# Book. What in your oppinion is the best book for CICHLIDS?



## papik (Oct 6, 2008)

So here's the deal. I'm looking to purchase a book on cichlids from lake Malawi. But which one? Want i want from the book is pictures of the various cichlid types as well the variations of each fish. Of course i want great information on behavior, breeding habits, etc. I Basically want it all. I'd love to hear your opinion and hopefully other ppl will share information and find the information you post very helpful! Don't forget, books make great xmas presents! Thanks for your help.


----------



## cichlidsnorth (Dec 2, 2009)

Ad Kongings has published nice books on africans that is what I asked for for christmas!!


----------



## CICHthis (Oct 10, 2008)

Malawi Cichlids in their Natural Habitat, New 4th Edition

'Nough said.


----------



## Aquatic Designs (Apr 2, 2006)

Ad Koning book of cichlid's and all fishes of Lake Malawi.

It's the Malawi fish bible. There is nothing better.


----------



## Y2KGT (Jul 20, 2009)

Check out MOPS for a good selection and price:
http://www.mops.ca/cgi-bin/SoftCart...ks.html?L+scstore+rvrb8949fffd92fd+1261593426

I purchased the Back to Nature Guide to Malawi Cichlids by Ad Konings.

If you're going to buy a used copy just make sure it's the latest edition or it won't contain up to date info.

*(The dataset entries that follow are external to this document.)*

lemma bij_betw_chain_lower:
  "bij_betw (\<lambda>a t. a (chain_lower 1 t)) (lattice (S - {j n})) (contracted_lattice S sp sm)"
proof (rule bij_betw_byWitness[where f' = "\<lambda>v s. if s \<in> S - {j n} then v (chain_raise s) else 0"])
  show "\<forall>a\<in>lattice (S - {j n}).
      (\<lambda>s. if s \<in> S - {j n} then a (chain_lower 1 (chain_raise s)) else 0) = a"
    using chain_lower_raise by (auto simp: lattice_def fun_eq_iff)
next
  show "\<forall>v\<in>contracted_lattice S sp sm.
      (\<lambda>t. (\<lambda>s. if s \<in> S - {j n} then v (chain_raise s) else 0) (chain_lower 1 t)) = v"
  proof (intro ballI ext)
    fix v t assume "v \<in> contracted_lattice S sp sm"
    then have v: "v \<in> lattice S" "v sp = v sm" by (auto simp: contracted_lattice_chain)
    show "(\<lambda>s. if s \<in> S - {j n} then v (chain_raise s) else 0) (chain_lower 1 t) = v t"
    proof (cases "t \<in> S")
      case True
      moreover have "chain_lower 1 (j 0) = j 0" using chain_lower_below[of 0 1] by simp
      ultimately show ?thesis
        using chain_lower_in_S chain_raise_lower[of t] chain_raise_chain[of 0] chain_nonempty
          chain_start v(2) by (cases "t = j 0") auto
    next
      case False
      then show ?thesis using chain_lower_notin_S[of t] v(1) by (simp add: lattice_def)
    qed
  qed
next
  have "(\<lambda>t. a (chain_lower 1 t)) \<in> lattice S" if "a \<in> lattice (S - {j n})" for a
    unfolding lattice_def
  proof (intro allI impI CollectI)
    fix t assume "t \<notin> S"
    then show "a (chain_lower 1 t) = 0" using that chain_lower_notin_S by (simp add: lattice_def)
  qed
  moreover have "a (chain_lower 1 sp) = a (chain_lower 1 sm)" for a
    using chain_lower_chain[of 1 1] chain_lower_below[of 0 1] chain_start chain_nonempty by simp
  ultimately show "(\<lambda>a t. a (chain_lower 1 t)) ` lattice (S - {j n}) \<subseteq> contracted_lattice S sp sm"
    by (auto simp: contracted_lattice_chain)
qed (auto simp: lattice_def)

lemma set_chain_word_eq: "set chain_word = j ` {1..n}"
  by (simp del: upt_Suc add: atLeastLessThanSuc_atLeastAtMost)

lemma set_chain_word: "set chain_word \<subseteq> S"
  using chain_in_S by (auto simp: set_chain_word_eq)

lemma cox_eq_commute_chain:
  assumes s: "s \<in> S" and k: "k \<in> {1..n}"
    and "s \<noteq> j k" "s \<noteq> j (k - 1)" "k < n \<longrightarrow> s \<noteq> j (Suc k)"
  shows "cox_eq S M [s, j k] [j k, s]"
proof (rule cox_eq_commute[OF coxM s])
  show "j k \<in> S" using chain_in_S k by simp
  have "M (j k) s = 2" using M_chain_other[OF k s assms(3-5)] .
  then show "M s (j k) = 2"
    using coxM s \<open>j k \<in> S\<close> by (simp add: coxeter_matrix_def)
qed

lemma cox_eq_commute_chain_nonadjacent:
  assumes "a \<le> n" "k \<in> {1..n}" "a \<noteq> k" "Suc a \<noteq> k" "Suc k \<noteq> a"
  shows "cox_eq S M [j a, j k] [j k, j a]"
proof (rule cox_eq_commute_chain)
  show "j a \<noteq> j k" "j a \<noteq> j (k - 1)"
    using assms by (intro chain_neq; auto)+
  show "k < n \<longrightarrow> j a \<noteq> j (Suc k)"
    using assms by (intro impI chain_neq) auto
qed (use assms chain_in_S in auto)

lemma conj_chain_word_other:
  assumes "s \<in> S" "s \<notin> j ` {0..n}"
  shows "cox_eq S M (chain_word @ [s] @ rev chain_word) [s]"
proof (rule cox_eq_conj_commuting[OF coxM set_chain_word], intro ballI)
  fix t assume "t \<in> set chain_word"
  then obtain k where "k \<in> {1..n}" "t = j k" unfolding set_chain_word_eq by blast
  with assms show "cox_eq S M [s, t] [t, s]"
    by (auto intro!: cox_eq_commute_chain)
qed

lemma conj_chain_word_start:
  "cox_eq S M (chain_word @ [sm] @ rev chain_word) [sp, sm, sp]"
proof -
  define B where "B = map j [2..<Suc n]"
  have "[1..<Suc n] = 1 # [2..<Suc n]"
    using chain_nonempty by (simp add: upt_conv_Cons numeral_2_eq_2 del: upt_Suc)
  then have "chain_word = sp # B"
    using chain_start unfolding B_def by simp
  moreover have "cox_eq S M (B @ [j 0] @ rev B) [j 0]"
    by (rule cox_eq_conj_commuting[OF coxM])
      (auto simp: B_def intro!: chain_in_S cox_eq_commute_chain_nonadjacent)
  then have "cox_eq S M ([sp] @ (B @ [sm] @ rev B) @ [sp]) ([sp] @ [sm] @ [sp])"
    using chain_start by (intro cox_eq_context) simp
  ultimately show ?thesis by simp
qed

lemma conj_chain_word_inner:
  assumes m: "0 < m" "m < n"
  shows "cox_eq S M (chain_word @ [j m] @ rev chain_word) [j (Suc m)]"
proof -
  define A where "A = map j [1..<m]"
  define B where "B = map j [Suc (Suc m)..<Suc n]"
  have "[1..<Suc n] = [1..<m] @ [m..<Suc n]"
    using upt_add_eq_append[of 1 m "Suc n - m"] m by (simp del: upt_Suc)
  also have "[m..<Suc n] = m # Suc m # [Suc (Suc m)..<Suc n]"
    using m by (simp del: upt_Suc add: upt_conv_Cons)
  finally have "chain_word = A @ [j m, j (Suc m)] @ B"
    unfolding A_def B_def by simp
  moreover have "cox_eq S M ((A @ [j m, j (Suc m)] @ B) @ [j m] @ rev (A @ [j m, j (Suc m)] @ B))
      [j (Suc m)]"
    using m
    by (intro cox_eq_conj_braid[OF coxM] M_chain_adjacent chain_in_S)
      (auto simp: A_def B_def intro!: chain_in_S cox_eq_commute_chain_nonadjacent)
  ultimately show ?thesis by simp
qed

end

locale coxeter_chain_relabelling = coxeter_chain +
  fixes tau :: "'a \<Rightarrow> 'a option"
  assumes tau_start: "tau (j 0) = None"
    and tau_chain: "\<forall>l\<in>{1..<n}. tau (j l) = Some (j (Suc l))"
    and tau_other: "\<forall>s\<in>S - {j n}. s \<notin> j ` {0..n} \<longrightarrow> tau s = Some s"
begin

lemma phi_tau_letter:
  assumes s: "s \<in> S - {j n}"
  shows "cox_eq S M (phi_word sp sm [tau s]) (chain_word @ [s] @ rev chain_word)"
proof (cases "s \<in> j ` {0..n}")
  case False
  then show ?thesis
    using s tau_other conj_chain_word_other[of s] by (simp add: phi_word_def cox_eq.sym)
next
  case True
  then obtain m where m: "m \<le> n" "s = j m" by auto
  with s have "m < n" by (auto simp: le_less)
  then consider "m = 0" | "0 < m" "m < n" by linarith
  then show ?thesis
  proof cases
    case 1
    then show ?thesis
      using m tau_start conj_chain_word_start chain_start by (simp add: phi_word_def cox_eq.sym)
  next
    case 2
    then show ?thesis
      using m tau_chain conj_chain_word_inner[of m] by (simp add: phi_word_def cox_eq.sym)
  qed
qed

lemma phi_tau_word:
  "x \<in> lists (S - {j n}) \<Longrightarrow>
    cox_eq S M (phi_word sp sm (map tau x)) (chain_word @ x @ rev chain_word)"
proof (induction x)
  case Nil
  then show ?case
    using cox_eq_append_rev[OF coxM set_chain_word] by (simp add: phi_word_def cox_eq.sym)
next
  case (Cons s x)
  have "phi_word sp sm (map tau (s # x)) = phi_word sp sm [tau s] @ phi_word sp sm (map tau x)"
    by (simp add: phi_word_def)
  then have "cox_eq S M (phi_word sp sm (map tau (s # x)))
      ((chain_word @ [s] @ rev chain_word) @ (chain_word @ x @ rev chain_word))"
    using cox_eq_append[OF phi_tau_letter Cons.IH] Cons.prems by simp
  also have "cox_eq S M \<dots> (chain_word @ (s # x) @ rev chain_word)"
    by (rule cox_eq_contextI[OF cox_eq_rev_append[OF coxM set_chain_word],
          of _ "chain_word @ [s]" "x @ rev chain_word"]) auto
  finally show ?case .
qed

end

theorem mainTheorem4:
  fixes S :: "'a set" and M :: "'a \<Rightarrow> 'a \<Rightarrow> enat" and K :: "'a \<Rightarrow> 'a \<Rightarrow> int"
    and sp sm :: 'a and n :: nat and j :: "nat \<Rightarrow> 'a" and tau :: "'a \<Rightarrow> 'a option"
  assumes finS: "finite S"
    and coxM: "coxeter_matrix S M"
    and finW: "finite (coxeter_group S M)"
    and condK: "conditions_K S M K"
    and condB: "condition_B_seq S M sp sm n j"
    and tau0: "tau (j 0) = None"
    and tau_chain: "\<forall>l\<in>{1..<n}. tau (j l) = Some (j (Suc l))"
    and tau_other: "\<forall>s\<in>S - {j n}. s \<notin> j ` {0..n} \<longrightarrow> tau s = Some s"
  shows "bij_betw (sigma1 S K n j) (lattice (S - {j n})) (contracted_lattice S sp sm)
     \<and> (\<forall>a\<in>lattice (S - {j n}). \<forall>x\<in>lists (S - {j n}).
          sigma1 S K n j a = sigma_word S K (map j [1..<Suc n]) a
          \<and> cox_eq S M (phi_word sp sm (map tau x))
               (map j [1..<Suc n] @ x @ rev (map j [1..<Suc n])))"
proof -
  interpret coxeter_chain_relabelling S M K sp sm n j tau
    by unfold_locales (fact finS coxM condK condB tau0 tau_chain tau_other)+
  have "bij_betw (sigma1 S K n j) (lattice (S - {j n})) (contracted_lattice S sp sm)"
    using bij_betw_chain_lower by (rule bij_betw_cong[THEN iffD1, rotated]) (simp add: sigma1_eq)
  moreover have "sigma1 S K n j a = sigma_word S K chain_word a" if "a \<in> lattice (S - {j n})" for a
    unfolding sigma1_eq[OF that] sigma_word_chain_word[OF that] ..
  ultimately show ?thesis using phi_tau_word by blast
qed

end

Lisa's Lair is also a good place to buy these books.
http://www.lisaslairbookstore.com/books/Freshwater-Aquarium/
--
Take care...Paul


----------



## Aquatic Designs (Apr 2, 2006)

I find the older editions better then the new ones myself. The new ones have nicer pictures but the information tends to steer into the commercial side of the hobby. Where the older books have the actual facts from the author and not the opinions of the manufacturers. 

And the older books are worth alot more. First editions can go for 2-3 times more then later ones.


----------



## papik (Oct 6, 2008)

Thanks to everyone who posted on this thread.... Thanks to you all I know what I'm going with...


----------